- [Collected data]
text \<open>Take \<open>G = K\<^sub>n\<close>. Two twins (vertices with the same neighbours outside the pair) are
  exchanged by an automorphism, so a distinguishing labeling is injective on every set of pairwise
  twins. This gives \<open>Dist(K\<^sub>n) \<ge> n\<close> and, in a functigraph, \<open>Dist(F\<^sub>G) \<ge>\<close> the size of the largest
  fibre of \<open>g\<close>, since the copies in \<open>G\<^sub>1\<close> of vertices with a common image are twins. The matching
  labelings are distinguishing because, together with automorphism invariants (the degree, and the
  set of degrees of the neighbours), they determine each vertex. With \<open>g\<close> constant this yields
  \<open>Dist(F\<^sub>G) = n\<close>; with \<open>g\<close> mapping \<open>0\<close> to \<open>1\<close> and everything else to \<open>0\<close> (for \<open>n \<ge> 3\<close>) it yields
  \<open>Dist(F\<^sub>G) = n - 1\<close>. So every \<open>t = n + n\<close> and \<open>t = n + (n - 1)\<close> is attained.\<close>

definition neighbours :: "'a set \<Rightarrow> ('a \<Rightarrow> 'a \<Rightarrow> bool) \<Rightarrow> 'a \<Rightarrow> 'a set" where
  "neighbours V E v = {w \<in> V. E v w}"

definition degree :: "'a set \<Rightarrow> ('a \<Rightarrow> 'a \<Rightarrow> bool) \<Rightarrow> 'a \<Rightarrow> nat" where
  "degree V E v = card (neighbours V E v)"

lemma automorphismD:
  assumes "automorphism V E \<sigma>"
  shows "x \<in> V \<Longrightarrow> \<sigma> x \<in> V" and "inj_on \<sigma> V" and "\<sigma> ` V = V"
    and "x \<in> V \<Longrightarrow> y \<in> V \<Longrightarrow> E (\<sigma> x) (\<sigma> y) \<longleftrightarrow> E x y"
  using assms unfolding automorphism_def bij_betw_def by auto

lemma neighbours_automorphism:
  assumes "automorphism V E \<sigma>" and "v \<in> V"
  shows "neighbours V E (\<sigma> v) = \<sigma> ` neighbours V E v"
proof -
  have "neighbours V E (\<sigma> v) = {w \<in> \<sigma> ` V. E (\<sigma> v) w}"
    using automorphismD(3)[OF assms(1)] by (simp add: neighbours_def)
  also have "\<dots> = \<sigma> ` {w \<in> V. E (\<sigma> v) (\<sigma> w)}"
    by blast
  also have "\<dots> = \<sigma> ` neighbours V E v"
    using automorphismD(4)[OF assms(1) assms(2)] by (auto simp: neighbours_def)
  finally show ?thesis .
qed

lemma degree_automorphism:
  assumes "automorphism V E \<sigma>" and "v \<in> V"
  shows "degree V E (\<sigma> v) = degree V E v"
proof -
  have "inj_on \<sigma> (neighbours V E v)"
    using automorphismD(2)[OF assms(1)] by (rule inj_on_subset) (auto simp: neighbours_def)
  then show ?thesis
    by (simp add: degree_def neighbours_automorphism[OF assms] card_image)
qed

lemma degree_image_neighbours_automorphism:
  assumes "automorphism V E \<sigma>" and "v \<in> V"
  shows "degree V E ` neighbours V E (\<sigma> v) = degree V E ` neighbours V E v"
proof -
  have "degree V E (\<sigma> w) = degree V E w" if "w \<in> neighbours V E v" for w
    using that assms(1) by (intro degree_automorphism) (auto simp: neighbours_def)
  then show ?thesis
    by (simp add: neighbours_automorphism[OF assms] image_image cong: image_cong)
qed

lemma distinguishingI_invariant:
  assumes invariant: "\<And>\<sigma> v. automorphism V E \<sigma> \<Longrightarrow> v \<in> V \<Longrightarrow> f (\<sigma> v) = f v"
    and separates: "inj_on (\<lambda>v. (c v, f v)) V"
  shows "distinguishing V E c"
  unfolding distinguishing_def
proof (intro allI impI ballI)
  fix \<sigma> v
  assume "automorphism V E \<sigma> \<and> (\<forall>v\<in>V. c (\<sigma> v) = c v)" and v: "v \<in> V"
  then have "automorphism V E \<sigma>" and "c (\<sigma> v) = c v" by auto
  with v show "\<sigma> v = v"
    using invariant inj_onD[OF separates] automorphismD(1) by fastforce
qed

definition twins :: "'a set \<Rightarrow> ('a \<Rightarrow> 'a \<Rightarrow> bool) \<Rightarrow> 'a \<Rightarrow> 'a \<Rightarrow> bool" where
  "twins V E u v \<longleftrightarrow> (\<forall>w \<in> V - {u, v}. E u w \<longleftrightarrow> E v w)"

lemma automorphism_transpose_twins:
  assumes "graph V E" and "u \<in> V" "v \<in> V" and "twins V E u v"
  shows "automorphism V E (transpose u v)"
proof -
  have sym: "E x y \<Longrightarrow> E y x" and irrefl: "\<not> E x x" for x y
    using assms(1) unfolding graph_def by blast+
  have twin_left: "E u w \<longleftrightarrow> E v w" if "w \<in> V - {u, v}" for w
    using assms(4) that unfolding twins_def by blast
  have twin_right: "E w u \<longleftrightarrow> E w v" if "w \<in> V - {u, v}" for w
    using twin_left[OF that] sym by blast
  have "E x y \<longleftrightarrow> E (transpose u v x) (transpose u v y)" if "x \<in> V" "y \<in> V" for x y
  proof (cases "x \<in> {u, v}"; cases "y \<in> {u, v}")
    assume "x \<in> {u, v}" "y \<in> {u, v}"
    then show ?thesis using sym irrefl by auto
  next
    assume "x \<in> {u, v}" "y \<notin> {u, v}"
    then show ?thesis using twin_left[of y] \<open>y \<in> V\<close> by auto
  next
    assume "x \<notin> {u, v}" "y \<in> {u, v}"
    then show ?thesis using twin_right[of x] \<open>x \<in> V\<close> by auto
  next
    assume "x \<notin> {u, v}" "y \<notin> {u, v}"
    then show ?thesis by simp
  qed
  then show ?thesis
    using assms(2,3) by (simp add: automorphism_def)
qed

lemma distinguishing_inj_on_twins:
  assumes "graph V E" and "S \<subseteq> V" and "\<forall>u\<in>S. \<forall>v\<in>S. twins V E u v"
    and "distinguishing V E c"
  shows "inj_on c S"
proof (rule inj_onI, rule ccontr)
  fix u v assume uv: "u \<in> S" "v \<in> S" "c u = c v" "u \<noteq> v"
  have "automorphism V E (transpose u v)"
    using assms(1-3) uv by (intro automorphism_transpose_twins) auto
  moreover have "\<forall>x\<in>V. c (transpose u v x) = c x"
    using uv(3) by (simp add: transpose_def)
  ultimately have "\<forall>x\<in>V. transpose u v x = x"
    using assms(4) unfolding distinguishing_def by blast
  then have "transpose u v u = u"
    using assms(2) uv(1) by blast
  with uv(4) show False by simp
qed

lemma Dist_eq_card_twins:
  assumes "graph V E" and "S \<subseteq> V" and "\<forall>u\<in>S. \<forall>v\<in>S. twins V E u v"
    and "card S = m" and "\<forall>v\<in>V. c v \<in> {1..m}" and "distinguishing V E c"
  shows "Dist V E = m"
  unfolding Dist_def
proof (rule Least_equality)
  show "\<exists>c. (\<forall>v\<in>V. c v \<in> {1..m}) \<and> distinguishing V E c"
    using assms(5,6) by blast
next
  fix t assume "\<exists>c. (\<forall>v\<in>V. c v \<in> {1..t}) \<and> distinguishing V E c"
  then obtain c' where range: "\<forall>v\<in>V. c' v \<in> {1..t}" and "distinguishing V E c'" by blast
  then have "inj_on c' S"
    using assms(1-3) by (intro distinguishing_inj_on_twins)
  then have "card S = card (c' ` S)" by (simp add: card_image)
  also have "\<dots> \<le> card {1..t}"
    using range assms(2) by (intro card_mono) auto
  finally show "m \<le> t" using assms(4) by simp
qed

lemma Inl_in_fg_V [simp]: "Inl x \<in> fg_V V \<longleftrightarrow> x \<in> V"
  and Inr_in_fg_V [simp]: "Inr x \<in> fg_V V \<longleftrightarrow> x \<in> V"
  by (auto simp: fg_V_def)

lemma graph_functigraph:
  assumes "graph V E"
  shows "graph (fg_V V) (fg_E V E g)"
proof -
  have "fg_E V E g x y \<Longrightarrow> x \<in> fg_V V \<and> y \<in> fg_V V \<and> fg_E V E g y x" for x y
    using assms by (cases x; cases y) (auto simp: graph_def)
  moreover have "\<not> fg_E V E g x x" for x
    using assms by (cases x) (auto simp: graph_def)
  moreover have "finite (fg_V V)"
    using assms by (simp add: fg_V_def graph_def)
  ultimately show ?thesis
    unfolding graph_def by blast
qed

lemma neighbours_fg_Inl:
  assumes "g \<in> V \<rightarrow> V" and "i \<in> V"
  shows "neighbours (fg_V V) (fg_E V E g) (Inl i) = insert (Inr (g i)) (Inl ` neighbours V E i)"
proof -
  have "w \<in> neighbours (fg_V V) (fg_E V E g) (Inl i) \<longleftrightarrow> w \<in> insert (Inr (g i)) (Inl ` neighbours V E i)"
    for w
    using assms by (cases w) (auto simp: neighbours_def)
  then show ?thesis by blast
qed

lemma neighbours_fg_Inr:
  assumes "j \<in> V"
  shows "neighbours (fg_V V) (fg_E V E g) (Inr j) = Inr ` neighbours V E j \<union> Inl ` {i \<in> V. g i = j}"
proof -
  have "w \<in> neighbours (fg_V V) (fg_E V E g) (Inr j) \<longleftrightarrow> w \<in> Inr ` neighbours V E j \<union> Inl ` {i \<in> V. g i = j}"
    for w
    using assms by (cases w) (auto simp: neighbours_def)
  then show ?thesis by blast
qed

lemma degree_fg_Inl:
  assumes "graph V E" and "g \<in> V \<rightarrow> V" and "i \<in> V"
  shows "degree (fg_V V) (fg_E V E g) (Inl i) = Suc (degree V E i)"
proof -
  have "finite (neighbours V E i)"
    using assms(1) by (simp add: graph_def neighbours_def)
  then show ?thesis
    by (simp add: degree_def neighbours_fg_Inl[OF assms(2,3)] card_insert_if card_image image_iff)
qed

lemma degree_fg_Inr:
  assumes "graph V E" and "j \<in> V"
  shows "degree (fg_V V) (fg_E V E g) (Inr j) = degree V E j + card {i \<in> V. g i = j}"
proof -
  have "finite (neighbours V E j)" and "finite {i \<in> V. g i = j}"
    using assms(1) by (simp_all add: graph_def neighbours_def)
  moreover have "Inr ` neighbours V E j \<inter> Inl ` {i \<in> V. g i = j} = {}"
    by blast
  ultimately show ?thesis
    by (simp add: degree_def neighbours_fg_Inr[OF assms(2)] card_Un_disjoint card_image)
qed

- [ASSIGNMENT] Retype only the stretch of lines above starting at the one with "labelings are distinguishing" and stopping at the one with "using automorphismD(3)[OF assms(1)]", exactly as written, with both kept.

- [TASK ANSWER]
  labelings are distinguishing because, together with automorphism invariants (the degree, and the
  set of degrees of the neighbours), they determine each vertex. With \<open>g\<close> constant this yields
  \<open>Dist(F\<^sub>G) = n\<close>; with \<open>g\<close> mapping \<open>0\<close> to \<open>1\<close> and everything else to \<open>0\<close> (for \<open>n \<ge> 3\<close>) it yields
  \<open>Dist(F\<^sub>G) = n - 1\<close>. So every \<open>t = n + n\<close> and \<open>t = n + (n - 1)\<close> is attained.\<close>

definition neighbours :: "'a set \<Rightarrow> ('a \<Rightarrow> 'a \<Rightarrow> bool) \<Rightarrow> 'a \<Rightarrow> 'a set" where
  "neighbours V E v = {w \<in> V. E v w}"

definition degree :: "'a set \<Rightarrow> ('a \<Rightarrow> 'a \<Rightarrow> bool) \<Rightarrow> 'a \<Rightarrow> nat" where
  "degree V E v = card (neighbours V E v)"

lemma automorphismD:
  assumes "automorphism V E \<sigma>"
  shows "x \<in> V \<Longrightarrow> \<sigma> x \<in> V" and "inj_on \<sigma> V" and "\<sigma> ` V = V"
    and "x \<in> V \<Longrightarrow> y \<in> V \<Longrightarrow> E (\<sigma> x) (\<sigma> y) \<longleftrightarrow> E x y"
  using assms unfolding automorphism_def bij_betw_def by auto

lemma neighbours_automorphism:
  assumes "automorphism V E \<sigma>" and "v \<in> V"
  shows "neighbours V E (\<sigma> v) = \<sigma> ` neighbours V E v"
proof -
  have "neighbours V E (\<sigma> v) = {w \<in> \<sigma> ` V. E (\<sigma> v) w}"
    using automorphismD(3)[OF assms(1)] by (simp add: neighbours_def)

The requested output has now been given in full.